TSKHINVAL, August 8 (Itar-Tass) — Russian Prime Minister Dmitry Medvedev is convinced that the decision to launch an operation to rebuff Georgia’s aggression against Abkhazia and South Ossetia in August 2008 was just and timely.

“All the then decisions were taken right when they were needed,” Medvedev, who is currently on a visit to South Ossetia, told journalists on Wednesday. “[As the then Russian president] I proceeded from the fact that these decisions concerned a then foreign state, which before August 26 we recognized as Georgia.”

“Yes, we had special relations with South Ossetia and Abkhazia, but still at that time Georgia’s territorial integrity was at stake although we understood that it was practically impossible to keep it,” Medvedev noted. “And these decisions came in response to direct aggression against Russian citizens and Russian peacekeepers.”

“It happened overnight to August 8,” he recalled.

“I took a decision two and a half hours after the Georgian army launched a combat operation. Not earlier, because it was wrong since it was a decision to use Russian armed forces on a foreign territory, I stress, on foreign territory. But not later either,” he emphasized.

In his words, the decision to deliver a missile strike was taken at 04:00 a.m. on August 8.

“Those who say otherwise either do not know or deliberately distort the truth,” Medvedev noted. “I have already commented on my consultations with colleagues, with the minister of defence and others. These consultations may be summarized as follows: such decision are within the competence of only one person, and I was the one, as the Supreme Commander-in-Chief and the President of the country.”
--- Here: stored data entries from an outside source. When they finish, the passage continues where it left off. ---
lemma expansive_iff_contraction_cauchy_dual:
  "(\<forall>x. norm x \<le> norm (T x)) \<longleftrightarrow> (\<forall>x. norm (cauchy_dual T x) \<le> norm x)"
proof
  assume expansive: "\<forall>x. norm x \<le> norm (T x)"
  show "\<forall>x. norm (cauchy_dual T x) \<le> norm x"
  proof
    fix x
    note gram = bounded_clinear_gram[OF bounded] selfadj_gram[OF bounded] zero_less_one
    have "1 * (norm y)\<^sup>2 \<le> Re (cinner (adj T (T y)) y)" for y
      using expansive by (simp add: cinner_gram[OF bounded] power_mono)
    note norm_gram_inv = norm_coercive_inv_le[OF gram this]
    have "(norm (cauchy_dual T x))\<^sup>2 = Re (cinner (gram_inv x) x)"
      using cinner_gram[OF bounded_clinear_cauchy_dual, of x] by (simp add: gram_cauchy_dual)
    also have "\<dots> \<le> norm x * norm x"
      using Re_cinner_le_norm[of "gram_inv x" x] mult_right_mono[OF norm_gram_inv[of x] norm_ge_zero[of x]]
      by simp
    finally show "norm (cauchy_dual T x) \<le> norm x"
      by (simp add: norm_le_iff_power2_le power2_eq_square)
  qed
next
  assume "\<forall>x. norm (cauchy_dual T x) \<le> norm x"
  then show "\<forall>x. norm x \<le> norm (T x)"
    using norm_adj_le_contraction[OF bounded_clinear_cauchy_dual] by (metis adj_cauchy_dual_left_inverse)
qed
According to Medvedev, he got in touch with Vladimir Putin, the then prime minister, who was in Beijing at that time.

“But as a matter of fact, it does not matter who got in contact with whom, the matter is that it was vital to take such decisions,” Medvedev said. “I am confident that in that situation my decisions to use force in response were taken exactly when they should be taken.”

“Otherwise, we would not have solved the tasks we were facing,” he went on. “But we did solve these tasks, with minimum casualties. If these decisions were taken later the situation would have been utterly different.”

Commenting on a recent documentary dedicated to the 2008 Georgian-South Ossetian conflict, he said he saw “nothing extraordinary, except several comments from the former chief of the General Staff [Yuri Baluyevsky], who by the time of these developments had been appointed from his post to the Russian Security Council.” “He had no comments then, but after he quitted he apparently wanted to speak up,” Medvedev noted.

The Russian prime minister reminded that Georgia had been in a state of war for twenty years. “It was a creeping but very severe civil war between separate parts of the state. Nothing was chaining for years,” he said. “It was a permanent field of tension, and we felt it. That is why we tried to help settle this conflict. Russia took part in the three-party Russian-Ossetian-Georgian commission and had its peacekeepers there.”

“But it never troubled Saakashvili when he took a decision to deliver a blow. It is sad but this way he cut significant pieces off his country and tore his homeland apart,” Medvedev added.